Había quien vivía con los pies desnudos, a quien de tanto andar sin protección se le había formado una segunda piel sobre la planta y no notaba ya ni el frío ni el dolor. Recuerdo, las mañanas en las que íbamos al puerto pesquero a ver cómo descargaban los barcos, a aquellos hombres jóvenes, hijos de la mar, siempre con los pantalones remangados y casi siempre con los pies desnudos sobre las húmedas y frías piedras del muelle.



En mi casa, cuando unos zapatos o una sandalias se nos quedaban pequeños y todavía les quedaba algún suspiro de vida, jamás se tiraban. Mi madre los recogía en una caja y los guardaba para cuando pasara alguno de aquellos pobres de solemnidad que aparecían por los barrios del centro con un viejo carro de madera y una talega a cuestas pidiendo desperdicios, calzado y ropa vieja.



A comienzos de los años 70 aún había gente que vivía con los pies desnudos. Cuando íbamos a jugar a la Plaza Vieja, casi siempre nos cruzábamos con niños que bajaban del Cerro de San Cristóbal que llevaban los pies completamente desnudos o que solo tenían unas chanclas de goma para el verano y para varios inviernos.



Los zapatos te delataban, contaban algo de tí, como si llevaras un carnet de identidad en los pies. Un niño con unos zapatos de charol radiantes solía estar un escalón por encima de la clase media, mientras que otro que llevara todo el año unas sandalias de goma, pertenecía, sin riesgo de equivocación, al escalón más humilde de la pirámide social.



En la década de los sesenta y la que vino después hubo un calzado que nos igualó y que se convirtió en un símbolo de esa clase media. Fueron los zapatos de la marca ‘Gorila’. La primera tienda en Almería que los puso en sus escaparates fue Calzados Plaza, en el número 31 de la Puerta de Purchena. Corría el año 1955.



Los ‘Gorila’ fueron evolucionando para adaptarse a las necesidades de los nuevos tiempos hasta que en la segunda mitad de los años 60, coincidiendo con la eclosión de los anuncios televisivos, se convirtió en el calzado más famoso del país, llegando a formar parte de la indumentaria habitual de los colegiales.
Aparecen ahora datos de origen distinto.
primrec cc_lines :: "(nat \<Rightarrow> int \<Rightarrow> real) \<Rightarrow> (nat \<Rightarrow> int \<Rightarrow> real) \<Rightarrow> (int \<Rightarrow> real) \<Rightarrow> nat \<Rightarrow> int \<Rightarrow> real" where
  "cc_lines \<alpha> \<beta> s0 0 = s0"
| "cc_lines \<alpha> \<beta> s0 (Suc k) = (\<lambda>n. let i = n div 2; s = cc_lines \<alpha> \<beta> s0 k in
      if even n then (1 - \<alpha> k i) * s i + \<alpha> k i * s (i + 1)
      else (1 - \<beta> k i) * s i + \<beta> k i * s (i + 1))"

text \<open>Nets N^[k]: N^[k+1] = C(N^[k]) restricted to T^[k+1] (values off the grid are
  irrelevant; we keep the whole Coons patch).\<close>
primrec cc_net :: "(nat \<Rightarrow> int \<Rightarrow> real) \<Rightarrow> (nat \<Rightarrow> int \<Rightarrow> real) \<Rightarrow> (nat \<Rightarrow> int \<Rightarrow> real) \<Rightarrow> (nat \<Rightarrow> int \<Rightarrow> real)
    \<Rightarrow> (int \<Rightarrow> real) \<Rightarrow> (int \<Rightarrow> real) \<Rightarrow> (real \<times> real \<Rightarrow> 'a::real_vector) \<Rightarrow> nat \<Rightarrow> real \<times> real \<Rightarrow> 'a" where
  "cc_net \<alpha>s \<beta>s \<alpha>t \<beta>t s0 t0 N0 0 = N0"
| "cc_net \<alpha>s \<beta>s \<alpha>t \<beta>t s0 t0 N0 (Suc k) =
     coons (cc_lines \<alpha>s \<beta>s s0 k) (cc_lines \<alpha>t \<beta>t t0 k) (cc_net \<alpha>s \<beta>s \<alpha>t \<beta>t s0 t0 N0 k)"

definition max_step :: "(int \<Rightarrow> real) \<Rightarrow> real" where
  "max_step s = (SUP i. s (i + 1) - s i)"

end

theory Submission
  imports Defs
begin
El éxito de estos zapatos se basaba en su versatilidad y en su resistencia. Los ‘Gorila’ los utilizabas para ir al colegio y también para jugar al fútbol, desobedeciendo los consejos de las madres que tanto empeño ponían en que los zapatos nos duraran un curso y si es posible que sirvieran después para el hermano que venía detrás.